1.2 Components

The following figure shows the components that comprise NWPA:

Figure 1-1 NWPA Components

The following sections contain brief descriptions of the following components:

1.2.1 CDM Message

The CDM message is a data structure paralleling the content and structure of internal Media Manager messages. The Media Manager receives an I/O request from an NLM™ application, converts it to a CDM message, and passes the message to a CDM. It is from the contents of this structure that a CDM builds a request structure (SuperHACB) specific to a particular hardware-bus protocol. The SuperHACB contains device-specific commands.

1.2.2 Custom Device Interface

The Custom Device Interface (CDI) is a set of APIs within NWPA that provides an interface for CDMs to communicate with the Media Manager. For more information, see Custom Device Interface (CDI) Functions.

1.2.3 Custom Device Module

Custom Device Modules (CDMs) are the driver components associated with storage devices. These program modules are supplied by third-party developers, and they implement the functionality to build device-specific commands from I/O messages received from the Media Manager (CDM messages). CDMs are loaded as NLM applications. For more information, see Custom Device Module (CDM) Functions.

1.2.4 Host Adapter Control Block

The Host Adapter Control Block (HACB) is an I/O data structure packaged into a protocol-specific command block (such as SCSI or IDE-ATA). All I/O requests to the HAM are in the form of HACBs, and the HAM passes these requests on to the devices attached to the hardware bus. For more information, see Host Adapter Control Block.

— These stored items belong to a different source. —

section \<open>Trajectories and their mirror symmetry\<close>

lemma Phi_Pair: "Phi (p, u) = (p^2 * (u + 1) - 1, 1 / p)"
  by (simp add: Phi_def)

text \<open>\<open>Phi\<close> is reversible: the swap \<open>(p, u) \<mapsto> (u, p)\<close> conjugates it to its inverse.\<close>

lemma Phi_swap_Phi: "p \<noteq> 0 \<Longrightarrow> Phi (prod.swap (Phi (p, u))) = (u, p)"
  by (simp add: Phi_Pair field_simps power2_eq_square)

lemma is_traj_start_val:
  "is_traj n (traj_p n) (\<lambda>j. if j = 0 then 0 else 1 / traj_p n (j - 1))"
  unfolding is_traj_def
proof (intro conjI allI impI ballI)
  fix j assume j: "j \<in> {1..n}"
  then obtain m where m: "j = Suc m"
    by (cases j) auto
  have pm: "traj_p n m > 0"
    using traj_p_pos j m by auto
  then show "traj_p n (j - 1) \<noteq> 0"
    using m by simp
  have "traj_r n m = traj_p n m * (if m = 0 then 0 else 1 / traj_p n (m - 1))"
  proof (cases m)
    case (Suc i)
    then show ?thesis
      using shoot_r_Suc_eq_ratio[of "start_val n" i] traj_p_pos[of i n] j m by simp
  qed simp
  then show "(traj_p n j, if j = 0 then 0 else 1 / traj_p n (j - 1)) =
        Phi (traj_p n (j - 1), if j - 1 = 0 then 0 else 1 / traj_p n (j - 1 - 1))"
    unfolding Phi_Pair m by (simp add: shoot_p_Suc power2_eq_square algebra_simps)
qed (simp_all add: traj_p_pos traj_p_zero)

lemma is_traj_shoot:
  assumes traj: "is_traj n p u" and "j \<le> n"
  shows "p j = shoot_p (p 0) j \<and> shoot_r (p 0) j = p j * u j"
  using assms(2)
proof (induction j)
  case 0
  then show ?case using traj unfolding is_traj_def by simp
next
  case (Suc j)
  then have IH: "p j = shoot_p (p 0) j" "shoot_r (p 0) j = p j * u j"
    by auto
  have "p j \<noteq> 0" "(p (Suc j), u (Suc j)) = Phi (p j, u j)"
    using traj Suc.prems unfolding is_traj_def by (auto simp: Suc_le_eq)
  then have pj: "p j \<noteq> 0" and step: "p (Suc j) = p j ^ 2 * (u j + 1) - 1" "u (Suc j) = 1 / p j"
    unfolding Phi_Pair by auto
  show ?case
    unfolding shoot_p_Suc shoot_r_Suc IH(2) IH(1)[symmetric] step
    using pj by (simp add: field_simps power2_eq_square)
qed

lemma is_traj_eq_traj_p:
  assumes traj: "is_traj n p u" and "j \<le> n"
  shows "p j = traj_p n j"
proof -
  have shoot: "shoot_p (p 0) i = p i" if "i \<le> n" for i
    using is_traj_shoot[OF traj that] by simp
  have "first_zero n (p 0)"
    unfolding first_zero_def
  proof
    show "\<forall>i<n. shoot_p (p 0) i > 0"
      using traj shoot unfolding is_traj_def by simp
    show "shoot_p (p 0) n = 0"
      using traj shoot unfolding is_traj_def by simp
  qed
  then show ?thesis
    using shoot[OF assms(2)] start_val_eqI by simp
qed

lemma p_traj_eq: "j \<le> n \<Longrightarrow> p_traj j n = traj_p n j"
  unfolding p_traj_def using is_traj_start_val is_traj_eq_traj_p by (intro the_equality) blast+

lemma is_traj_reverse:
  assumes traj: "is_traj n p u"
  shows "is_traj n (\<lambda>j. u (n - j)) (\<lambda>j. p (n - j))"
  unfolding is_traj_def
proof (intro conjI allI impI ballI)
  have pos: "p i > 0" if "i < n" for i
    using traj that unfolding is_traj_def by blast
  have step: "(p (Suc i), u (Suc i)) = Phi (p i, u i)" if "i < n" for i
  proof -
    have "Suc i \<in> {1..n}"
      using that by simp
    then show ?thesis
      using traj unfolding is_traj_def by (metis diff_Suc_1)
  qed
  have swapped_step: "(u (Suc i), p (Suc i)) = prod.swap (Phi (p i, u i))" if "i < n" for i
    using step[OF that] by (metis swap_simp)
  fix j
  assume j: "j \<in> {1..n}"
  then have i: "n - j < n" "n - (j - 1) = Suc (n - j)"
    by auto
  show "u (n - (j - 1)) \<noteq> 0"
    using swapped_step[OF i(1)] pos[OF i(1)] unfolding i(2) by (simp add: Phi_Pair)
  show "(u (n - j), p (n - j)) = Phi (u (n - (j - 1)), p (n - (j - 1)))"
    unfolding i(2) swapped_step[OF i(1)] using Phi_swap_Phi pos[OF i(1)] by simp
next
  fix j
  assume j: "j < n"
  then have "(p (n - j), u (n - j)) = Phi (p (n - j - 1), u (n - j - 1))" "p (n - j - 1) > 0"
    using traj unfolding is_traj_def by auto
  then show "u (n - j) > 0"
    by (simp add: Phi_Pair)
qed (use traj in \<open>simp_all add: is_traj_def\<close>)

lemma traj_p_symmetric:
  assumes "j < n"
  shows "traj_p n j * traj_p n (n - 1 - j) = 1"
proof -
  define u where "u j = (if j = 0 then 0 else 1 / traj_p n (j - 1))" for j
  have "is_traj n (\<lambda>j. u (n - j)) (\<lambda>j. traj_p n (n - j))"
    using is_traj_reverse is_traj_start_val unfolding u_def by blast
  then have "u (n - j) = traj_p n j"
    using is_traj_eq_traj_p assms by fastforce
  moreover have "traj_p n (n - 1 - j) > 0"
    using traj_p_pos assms by simp
  ultimately show ?thesis
    using assms unfolding u_def by (auto simp: Suc_diff_Suc field_simps)
qed

lemma traj_p_mirror:
  assumes "1 \<le> k" "k \<le> n"
  shows "traj_p n (n - k) = 1 / traj_p n (k - 1)"
proof -
  have "traj_p n (k - 1) > 0" "traj_p n (k - 1) * traj_p n (n - k) = 1"
    using traj_p_pos[of "k - 1" n] traj_p_symmetric[of "k - 1" n] assms by (simp_all add: Suc_diff_Suc)
  then show ?thesis
    by (simp add: field_simps)
qed

lemma traj_r_eq_ratio:
  assumes "1 \<le> k" "k \<le> n"
  shows "traj_r n k = traj_p n k / traj_p n (k - 1)"
proof -
  have "traj_p n (k - 1) > 0"
    using traj_p_pos[of "k - 1" n] assms by simp
  then show ?thesis
    using shoot_r_Suc_eq_ratio[of "start_val n" "k - 1"] assms by simp
qed

lemma traj_r_mirror:
  assumes "1 \<le> k" "k < n"
  shows "traj_r n (n - k) = traj_r n k"
proof -
  have "traj_r n (n - k) = traj_p n (n - k) / traj_p n (n - Suc k)"
    using traj_r_eq_ratio[of "n - k" n] assms by (simp add: Suc_diff_Suc)
  also have "\<dots> = traj_p n k / traj_p n (k - 1)"
    using traj_p_mirror[of k n] traj_p_mirror[of "Suc k" n] traj_p_pos[of k n] assms by simp
  finally show ?thesis
    using traj_r_eq_ratio[of k n] assms by simp
qed

section \<open>Shape of the trajectories\<close>

lemma traj_not_both_ge_1:
  assumes "j \<le> n"
  shows "\<not> (traj_p n j \<ge> 1 \<and> traj_r n j \<ge> 1)"
  using shoot_ge_1_stable[of "start_val n" j n] traj_p_zero[of n] assms by auto

text \<open>If \<open>r\<close> were at least \<open>1\<close> at \<open>k\<close>, it would be so at the mirror point \<open>n - k\<close> too,
  and \<open>p\<close> is at least \<open>1\<close> at one of the two points.\<close>

lemma traj_r_lt_1:
  assumes k: "1 \<le> k" "k < n"
  shows "traj_r n k < 1"
proof (rule ccontr)
  assume "\<not> traj_r n k < 1"
  then have r_ge: "traj_r n k \<ge> 1" "traj_r n (n - k) \<ge> 1"
    using traj_r_mirror[OF k] by simp_all
  have pos: "traj_p n k > 0" "traj_p n (k - 1) > 0"
    using traj_p_pos k by auto
  have "traj_p n k < 1"
    using traj_not_both_ge_1[of k n] r_ge k by auto
  moreover have "traj_p n (k - 1) \<le> traj_p n k"
    using r_ge pos traj_r_eq_ratio[of k n] k by (simp add: le_divide_eq)
  ultimately have "traj_p n (n - k) \<ge> 1"
    using traj_p_mirror[of k n] pos k by simp
  then show False
    using traj_not_both_ge_1[of "n - k" n] r_ge by simp
qed

lemma traj_p_decreasing:
  assumes "k < n"
  shows "traj_p n (Suc k) < traj_p n k"
proof (cases "Suc k = n")
  case True
  then show ?thesis using traj_p_zero[of n] traj_p_pos[of k n] by simp
next
  case False
  then have "traj_p n (Suc k) / traj_p n k < 1"
    using traj_r_lt_1[of "Suc k" n] traj_r_eq_ratio[of "Suc k" n] assms by simp
  then show ?thesis
    using traj_p_pos[OF assms] by (simp add: divide_less_eq)
qed

lemma traj_p_antitone:
  assumes "i \<le> j" "j \<le> n"
  shows "traj_p n j \<le> traj_p n i"
  using assms(1)
proof (induction j rule: dec_induct)
  case (step k)
  have "traj_p n (Suc k) < traj_p n k"
    using step.hyps(2) assms(2) by (intro traj_p_decreasing) simp
  then show ?case
    using step.IH by simp
qed simp

lemma traj_p_ge_1:
  assumes "2 * j + 1 \<le> n"
  shows "1 \<le> traj_p n j"
proof -
  have pos: "traj_p n j > 0"
    using traj_p_pos[of j n] assms by simp
  have "1 = traj_p n j * traj_p n (n - 1 - j)"
    using traj_p_symmetric[of j n] assms by simp
  also have "\<dots> \<le> traj_p n j * traj_p n j"
    using traj_p_antitone[of j "n - 1 - j" n] pos assms
    by (intro mult_left_mono) simp_all
  finally have "1\<^sup>2 \<le> (traj_p n j)\<^sup>2"
    by (simp add: power2_eq_square)
  then show ?thesis
    using pos power2_le_imp_le[of 1 "traj_p n j"] by simp
qed

section \<open>The minimiser of \<open>f_fun\<close>\<close>

lemma sum_triangle_swap:
  fixes m n :: nat
  shows "(\<Sum>j=m..n. \<Sum>l=m..j. g j l) = (\<Sum>l=m..n. \<Sum>j=l..n. g j l)"
proof -
  have "(\<Sum>j=m..n. \<Sum>l=m..j. g j l) = (\<Sum>j=m..n. \<Sum>l\<in>{l. l \<in> {m..n} \<and> l \<le> j}. g j l)"
    by (intro sum.cong refl) (auto dest: order_trans)
  also have "\<dots> = (\<Sum>l=m..n. \<Sum>j\<in>{j. j \<in> {m..n} \<and> l \<le> j}. g j l)"
    by (rule sum.swap_restrict) simp_all
  also have "\<dots> = (\<Sum>l=m..n. \<Sum>j=l..n. g j l)"
    by (intro sum.cong refl) auto
  finally show ?thesis .
qed

lemma sum_triangle_exchange:
  fixes Q :: "nat \<Rightarrow> nat \<Rightarrow> 'a::comm_semiring_0" and m n :: nat
  shows "(\<Sum>i=m..n. \<Sum>j=i..n. Q i j * (\<Sum>l=i..j. d l))
       = (\<Sum>l=m..n. d l * (\<Sum>i=m..l. \<Sum>j=l..n. Q i j))"
proof -
  have "(\<Sum>i=m..n. \<Sum>j=i..n. Q i j * (\<Sum>l=i..j. d l)) = (\<Sum>i=m..n. \<Sum>j=i..n. \<Sum>l=i..j. Q i j * d l)"
    by (simp add: sum_distrib_left)
  also have "\<dots> = (\<Sum>i=m..n. \<Sum>l=i..n. \<Sum>j=l..n. Q i j * d l)"
    by (intro sum.cong refl sum_triangle_swap)
  also have "\<dots> = (\<Sum>l=m..n. \<Sum>i=m..l. \<Sum>j=l..n. Q i j * d l)"
    by (rule sum_triangle_swap[symmetric])
  also have "\<dots> = (\<Sum>l=m..n. d l * (\<Sum>i=m..l. \<Sum>j=l..n. Q i j))"
    by (simp add: sum_distrib_left sum_distrib_right mult.commute)
  finally show ?thesis .
qed
lemma q_minitive_attained:
  assumes qm: "q_minitive n q mu" and X: "X \<subseteq> {1..n}"
  obtains Y where "X \<subseteq> Y" "Y \<subseteq> {1..n}" "n - q \<le> card Y" "mu X = mu Y"
proof (cases "n - q \<le> card X")
  case True
  then show ?thesis using that X by blast
next
  case False
  then have small: "card X < n - q" by simp
  then have "mu X = Min (mu ` large_supersets n q X)" using qm X unfolding q_minitive_iff by simp
  also have "\<dots> \<in> mu ` large_supersets n q X"
    using finite_large_supersets full_in_large_supersets[OF X small] by (intro Min_in) auto
  finally obtain Y where "Y \<in> large_supersets n q X" "mu X = mu Y" by blast
  then show ?thesis using that unfolding large_supersets_def by auto
qed

lemma q_minitive_mono:
  assumes qm: "q_minitive n q mu"
    and mono_large:
      "\<forall>A B. A \<subseteq> B \<longrightarrow> B \<subseteq> {1..n} \<longrightarrow> n - q \<le> card A \<longrightarrow> mu A \<le> mu B"
  shows "\<forall>A B. A \<subseteq> B \<longrightarrow> B \<subseteq> {1..n} \<longrightarrow> mu A \<le> mu B"
proof (intro allI impI)
  fix A B assume AB: "A \<subseteq> B" "B \<subseteq> {1..n}"
  obtain Y where Y: "B \<subseteq> Y" "Y \<subseteq> {1..n}" "n - q \<le> card Y" "mu B = mu Y"
    using q_minitive_attained[OF qm AB(2)] .
  have "mu A \<le> mu Y"
  proof (cases "n - q \<le> card A")
    case True
    moreover have "A \<subseteq> Y" using AB(1) Y(1) by (rule subset_trans)
    ultimately show ?thesis using mono_large Y(2) by blast
  next
    case False
    then have "A \<noteq> Y" using Y(3) by auto
    then have "Y \<in> large_supersets n q A"
      using AB(1) Y(1-3) unfolding large_supersets_def by blast
    moreover have "mu A = Min (mu ` large_supersets n q A)"
      using qm False AB unfolding q_minitive_iff by simp
    ultimately show ?thesis using finite_large_supersets by simp
  qed
  then show "mu A \<le> mu B" using Y by simp
qed

lemma sugeno_eq_Min_sigma_idx:
  assumes cap: "is_capacity L n mu" and qm: "q_minitive n q mu" and q: "1 \<le> q"
    and x1: "\<forall>i\<in>{1..n}. x k i \<le> 1"
  shows "sugeno n mu (x k) = Min ((\<lambda>A. max (gamma n x k A) (mu A)) ` sigma_idx n q)"
proof -
  let ?h = "\<lambda>A. max (gamma n x k A) (mu A)" and ?S = "sugeno n mu (x k)"
  have mu0: "mu {} = 0" and mu1: "mu {1..n} = 1"
    and mono: "\<forall>A B. A \<subseteq> B \<longrightarrow> B \<subseteq> {1..n} \<longrightarrow> mu A \<le> mu B"
    using cap unfolding is_capacity_def by blast+
  obtain B where B: "B \<subset> {1..n}" "?h B \<le> ?S" using sugeno_ge_max_gamma[where x = x and k = k, OF mu0 mu1 x1] .
  obtain Y where Y: "B \<subseteq> Y" "Y \<subseteq> {1..n}" "n - q \<le> card Y" "mu B = mu Y"
    using q_minitive_attained[OF qm] B(1) by blast
  have "\<exists>A \<in> sigma_idx n q. ?h A \<le> ?S"
  proof (cases "Y = {1..n}")
    case True
    have "1 \<le> n" using B(1) by auto
    then obtain A where A: "A \<in> sigma_idx n q" using sigma_idx_nonempty[OF q] by blast
    then have "gamma n x k A \<le> 1" using x1 by (intro gamma_le) (auto simp: sigma_idx_def)
    moreover have "mu A \<le> mu {1..n}" using mono A unfolding sigma_idx_def by blast
    moreover have "1 \<le> ?S" using B(2) Y(4) True mu1 by simp
    ultimately have "?h A \<le> ?S" using mu1 by auto
    then show ?thesis using A by blast
  next
    case False
    then have "Y \<in> sigma_idx n q" using Y unfolding sigma_idx_def by auto
    moreover have "gamma n x k Y \<le> gamma n x k B" using Y False by (intro gamma_antimono) auto
    ultimately have "?h Y \<le> ?S" using B(2) Y(4) by auto
    then show ?thesis using \<open>Y \<in> sigma_idx n q\<close> by blast
  qed
  moreover have "\<forall>A \<in> sigma_idx n q. ?S \<le> ?h A"
    using sugeno_le_max_gamma[OF mono] unfolding sigma_idx_def by blast
  ultimately show ?thesis using finite_sigma_idx by (intro Min_image_eqI[symmetric])
qed

lemma sigma_solves_iff_sugeno:
  assumes "is_capacity L n mu" "q_minitive n q mu" "1 \<le> q"
    and "\<forall>k\<in>{1..N}. \<forall>i\<in>{1..n}. x k i \<le> 1"
  shows "sigma_solves n q N x \<alpha> mu \<longleftrightarrow> (\<forall>k\<in>{1..N}. sugeno n mu (x k) = \<alpha> k)"
  unfolding sigma_solves_def using sugeno_eq_Min_sigma_idx[OF assms(1-3)] assms(4) by simp

lemma q_minitive_capacity_null_set:
  assumes cap: "is_capacity L n mu" and qm: "q_minitive n q mu" and q: "1 \<le> q"
  obtains A where "A \<subset> {1..n}" "card A = n - q" "mu A = 0"
proof -
  have mu0: "mu {} = 0" and mu1: "mu {1..n} = 1"
    and mono: "\<forall>A B. A \<subseteq> B \<longrightarrow> B \<subseteq> {1..n} \<longrightarrow> mu A \<le> mu B"
    using cap unfolding is_capacity_def by blast+
  obtain Y where Y: "Y \<subseteq> {1..n}" "n - q \<le> card Y" "mu {} = mu Y"
    using q_minitive_attained[OF qm, of "{}"] by auto
  obtain T where T: "T \<subseteq> Y" "card T = n - q" using obtain_subset_with_card_n[OF Y(2)] by blast
  have "mu {} \<le> mu T" "mu T \<le> mu Y" using mono T(1) Y(1) by blast+
  then have "mu T = 0" using Y(3) mu0 by simp
  moreover have "T \<noteq> {1..n}"
  proof
    assume "T = {1..n}"
    moreover have "{1..n} \<noteq> {}" using mu0 mu1 by force
    ultimately show False using T(2) q by simp
  qed
  ultimately show ?thesis using that T Y(1) by blast
qed

lemma f_q_nonneg: "0 \<le> f_q n N x \<alpha> A"
  unfolding f_q_def by (intro Max_ge) auto

lemma eps_op_le_iff: "0 \<le> v \<Longrightarrow> eps_op a b \<le> v \<longleftrightarrow> b \<le> max a v"
  unfolding eps_op_def by auto

lemma f_q_le_iff:
  assumes "0 \<le> v"
  shows "f_q n N x \<alpha> A \<le> v \<longleftrightarrow> (\<forall>k\<in>{1..N}. \<alpha> k \<le> max (gamma n x k A) v)"
proof -
  have "f_q n N x \<alpha> A \<le> v \<longleftrightarrow> (\<forall>k\<in>{1..N}. eps_op (gamma n x k A) (\<alpha> k) \<le> v)"
    unfolding f_q_def using assms by (subst Max_le_iff) auto
  then show ?thesis using eps_op_le_iff[OF assms] by simp
qed

lemma le_max_gamma_f_q: "k \<in> {1..N} \<Longrightarrow> \<alpha> k \<le> max (gamma n x k A) (f_q n N x \<alpha> A)"
  using f_q_le_iff[OF f_q_nonneg] by blast

lemma f_q_mono:
  assumes "A \<subseteq> B" "B \<subset> {1..n}"
  shows "f_q n N x \<alpha> A \<le> f_q n N x \<alpha> B"
proof -
  have "\<alpha> k \<le> max (gamma n x k A) (f_q n N x \<alpha> B)" if "k \<in> {1..N}" for k
    using le_max_gamma_f_q[OF that, of \<alpha> n x B] gamma_antimono[OF assms, of x k] by linarith
  then show ?thesis using f_q_le_iff[OF f_q_nonneg] by blast
qed

lemma f_q_in_scale:
  assumes "0 \<in> L" "\<forall>k\<in>{1..N}. \<alpha> k \<in> L"
  shows "f_q n N x \<alpha> A \<in> L"
proof -
  have "f_q n N x \<alpha> A \<in> insert 0 ((\<lambda>k. eps_op (gamma n x k A) (\<alpha> k)) ` {1..N})"
    unfolding f_q_def by (intro Max_in) auto
  then show ?thesis using assms unfolding eps_op_def by (auto split: if_splits)
qed

lemma f_q_vanishes_on_null_set:
  assumes mono: "\<forall>A B. A \<subseteq> B \<longrightarrow> B \<subseteq> {1..n} \<longrightarrow> mu A \<le> mu B"
    and "A \<subset> {1..n}" "mu A = 0" "\<forall>k\<in>{1..N}. sugeno n mu (x k) = \<alpha> k"
  shows "f_q n N x \<alpha> A = 0"
proof -
  have "\<forall>k\<in>{1..N}. \<alpha> k \<le> max (gamma n x k A) 0"
    using sugeno_le_max_gamma[OF assms(1,2)] assms(3,4) by metis
  then have "f_q n N x \<alpha> A \<le> 0" using f_q_le_iff[of 0] by simp
  then show ?thesis using f_q_nonneg by (rule order.antisym)
qed
(* Let $\tilde L$ be a minimum-size counterexample. Then $\tilde L$ contains at most one doubly irreducible element.
   Context: For a poset $P$, $x$ upper covers $y$ (and $y$ lower covers $x$) if $y<x$ with nothing strictly between. Join-irreducible: upper covers exactly one element; meet-irreducible: lower covers exactly one element; doubly irreducible: both. For $x\in P$, ${\uparrow}x=\{y: x\le y\}$. A counterexample is a finite lattice $L$ with $|L|>1$ in which every join-irreducible $j$ satisfies $|{\uparrow}j|>|L|/2$; a minimum-size counterexample is a counterexample $\tilde L$ such that no counterexample has fewer elements. *)

theory Defs
  imports "HOL-Algebra.Lattice"
begin

definition upper_covers :: "('a, 'b) gorder_scheme \<Rightarrow> 'a \<Rightarrow> 'a \<Rightarrow> bool" where
  "upper_covers P x y \<longleftrightarrow> x \<in> carrier P \<and> y \<in> carrier P \<and>
     y \<sqsubseteq>\<^bsub>P\<^esub> x \<and> y \<noteq> x \<and>
     \<not> (\<exists>z \<in> carrier P. y \<sqsubseteq>\<^bsub>P\<^esub> z \<and> y \<noteq> z \<and> z \<sqsubseteq>\<^bsub>P\<^esub> x \<and> z \<noteq> x)"

definition join_irreducible :: "('a, 'b) gorder_scheme \<Rightarrow> 'a \<Rightarrow> bool" where
  "join_irreducible P x \<longleftrightarrow> x \<in> carrier P \<and> (\<exists>!y. upper_covers P x y)"

definition meet_irreducible :: "('a, 'b) gorder_scheme \<Rightarrow> 'a \<Rightarrow> bool" where
  "meet_irreducible P x \<longleftrightarrow> x \<in> carrier P \<and> (\<exists>!y. upper_covers P y x)"

definition doubly_irreducible :: "('a, 'b) gorder_scheme \<Rightarrow> 'a \<Rightarrow> bool" where
  "doubly_irreducible P x \<longleftrightarrow> join_irreducible P x \<and> meet_irreducible P x"

definition up_set :: "('a, 'b) gorder_scheme \<Rightarrow> 'a \<Rightarrow> 'a set" where
  "up_set P x = {y \<in> carrier P. x \<sqsubseteq>\<^bsub>P\<^esub> y}"

definition counterexample :: "('a, 'b) gorder_scheme \<Rightarrow> bool" where
  "counterexample L \<longleftrightarrow> lattice L \<and> finite (carrier L) \<and> card (carrier L) > 1 \<and>
     (\<forall>j. join_irreducible L j \<longrightarrow> 2 * card (up_set L j) > card (carrier L))"

text \<open>Minimality is over all lattices on the same element type; since any
  smaller lattice can be transported onto a subset of the carrier, this is
  equivalent to minimality over all finite lattices.\<close>
definition min_counterexample :: "'a gorder \<Rightarrow> bool" where
  "min_counterexample L \<longleftrightarrow> counterexample L \<and>
     (\<forall>L' :: 'a gorder. counterexample L' \<longrightarrow> card (carrier L) \<le> card (carrier L'))"

end

theory Submission
  imports Defs
begin

text \<open>Removing doubly irreducible elements from a finite lattice leaves a lattice, since a
  join-irreducible (meet-irreducible) element is never the join (meet) of two elements other
  than itself; the new join-irreducibles are old ones or upper covers of removed elements.
  Given distinct doubly irreducible a and b, remove a if a < b, and both if they are
  incomparable. An old join-irreducible below a removed s still has at least |\<up>s| elements
  above it, and the unique upper cover of a removed s lies below b in the first case and
  above all of \<up>s - {s} in the second. Counting then shows that the smaller lattice is again
  a counterexample, contradicting minimality.\<close>

lemma upper_covers_inv_gorder [simp]:
  "upper_covers (inv_gorder L) x y \<longleftrightarrow> upper_covers L y x"
  by (auto simp: upper_covers_def)

lemma join_irreducible_inv_gorder [simp]:
  "join_irreducible (inv_gorder L) x \<longleftrightarrow> meet_irreducible L x"
  by (simp add: join_irreducible_def meet_irreducible_def)

lemma up_set_remove [simp]:
  "up_set (L\<lparr>carrier := carrier L - S\<rparr>) x = up_set L x - S"
  by (auto simp: up_set_def)

lemma finite_up_set:
  "finite (carrier L) \<Longrightarrow> finite (up_set L x)"
  by (simp add: up_set_def)

lemma (in partial_order) finite_has_maximal:
  assumes "finite A" "A \<noteq> {}" "A \<subseteq> carrier L"
  shows "\<exists>m\<in>A. \<forall>b\<in>A. m \<sqsubseteq> b \<longrightarrow> b = m"
  using assms
proof (induction A rule: finite_ne_induct)
  case (insert x F)
  then obtain m where m: "m \<in> F" "\<forall>b\<in>F. m \<sqsubseteq> b \<longrightarrow> b = m" by auto
  show ?case
  proof (cases "m \<sqsubseteq> x")
    case True
    have "b = x" if b: "b \<in> F" "x \<sqsubseteq> b" for b
    proof -
      have carr: "m \<in> carrier L" "x \<in> carrier L" "b \<in> carrier L"
        using insert.prems m b by auto
      have "b = m" using m b True le_trans[OF True b(2)] carr by auto
      then show ?thesis using True b(2) carr le_antisym by auto
    qed
    then show ?thesis by auto
  next
    case False
    then show ?thesis using m by auto
  qed
qed auto

lemma (in partial_order) lower_cover_exists:
  assumes "finite (carrier L)" "x \<in> carrier L" "a \<in> carrier L" "x \<sqsubseteq> a" "x \<noteq> a"
  shows "\<exists>c. upper_covers L a c \<and> x \<sqsubseteq> c"
proof -
  let ?T = "{z \<in> carrier L. x \<sqsubseteq> z \<and> z \<sqsubseteq> a \<and> z \<noteq> a}"
  obtain c where c: "c \<in> ?T" and max: "\<forall>z\<in>?T. c \<sqsubseteq> z \<longrightarrow> z = c"
    using finite_has_maximal[of ?T] assms by auto
  have "upper_covers L a c"
    unfolding upper_covers_def using c max assms(2,3) by (auto dest: le_trans)
  then show ?thesis using c by auto
qed

lemma (in partial_order) upper_cover_exists:
  assumes "finite (carrier L)" "y \<in> carrier L" "a \<in> carrier L" "a \<sqsubseteq> y" "a \<noteq> y"
  shows "\<exists>c. upper_covers L c a \<and> c \<sqsubseteq> y"
  using partial_order.lower_cover_exists[OF dual_order, of y a] assms by auto

lemma (in lattice) join_irreducible_join:
  assumes fin: "finite (carrier L)" and x: "x \<in> carrier L" and y: "y \<in> carrier L"
    and ji: "join_irreducible L (x \<squnion> y)"
  shows "x \<squnion> y = x \<or> x \<squnion> y = y"
proof (rule ccontr)
  assume "\<not> (x \<squnion> y = x \<or> x \<squnion> y = y)"
  then have nx: "x \<noteq> x \<squnion> y" and ny: "y \<noteq> x \<squnion> y" by auto
  have s: "x \<squnion> y \<in> carrier L" using x y by simp
  obtain c where cover: "\<And>d. upper_covers L (x \<squnion> y) d \<longleftrightarrow> d = c"
    using ji unfolding join_irreducible_def by blast
  obtain cx where "upper_covers L (x \<squnion> y) cx" "x \<sqsubseteq> cx"
    using lower_cover_exists[OF fin x s join_left[OF x y] nx] by blast
  moreover obtain cy where "upper_covers L (x \<squnion> y) cy" "y \<sqsubseteq> cy"
    using lower_cover_exists[OF fin y s join_right[OF x y] ny] by blast
  ultimately have c: "upper_covers L (x \<squnion> y) c" "x \<sqsubseteq> c" "y \<sqsubseteq> c"
    using cover by auto
  then have "c \<in> carrier L" "c \<sqsubseteq> x \<squnion> y" "c \<noteq> x \<squnion> y"
    unfolding upper_covers_def by auto
  moreover have "x \<squnion> y \<sqsubseteq> c" using c(2,3) x y \<open>c \<in> carrier L\<close> by (rule join_le)
  ultimately show False using s le_antisym by blast
qed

1.2.5 Host Adapter Interface

The Host Adapter Interface (HAI) is a set of APIs within NWPA that provides an interface for HAMs to communicate with the Media Manager. For more information, see Host Adapter Interface (HAI) Functions.

1.2.6 Host Adapter Module

Host Adapter Modules (HAMs) are the driver components associated with host adapter hardware. These program modules are supplied by third-party developers, and they provide the host adapter interface. A HAM is loaded as an NLM and must provide the functionality to route requests to the bus where a specified device is attached. For more information, see Host Adapter Module (HAM) Functions.

1.2.7 Media Manager

Media Manager is the storage management layer of the NetWare v3.12, 4.x and 5.x OS, and is the brain that runs NWPA. The Media Manager provides a robust storage management interface between NLM applications and storage device drivers. The Media Manager fields NLM application I/O requests and converts them to messages compatible with NWPA architecture. The Media Manager is described in detail in the NDK: Media Manager for NetWare 5.x and 6.x documentation that can be obtained from Novell® Developer Support..

1.2.8 NetWare Bus Interface

The NetWare Bus Interface (NBI) is a hardware abstraction layer that allows platform independent modules to be written. Some platforms, for example, might support more than one bus at a time, with each bus being quite different from another. The NBI makes platform-related issues transparent to the software modules. See Load-Time Initialization and Registration for more details. See General NWPA (NPA) Functions. These APIs are identified by NPAB prefixes.

1.2.9 Novell Event Bus

The Novell Event Bus (NEB) is an architecture that provides an abstract channel to allow multiple event producers to communicate with multiple event consumers in a synchronous or asynchronous manner. Consumers and producers must register with the event bus to be able to interact with producers and consumers.

1.2.10 Super Host Adapter Control Block

The SuperHACB is a data structure built by a CDM. Each SuperHACB contains a HACB as one of its data members along with some additional data space. CDMs can use the additional data space for whatever purpose they need. The HACB is the protocol-specific request structure containing the data essential to a HAM. See Super Host Adapter Control Block.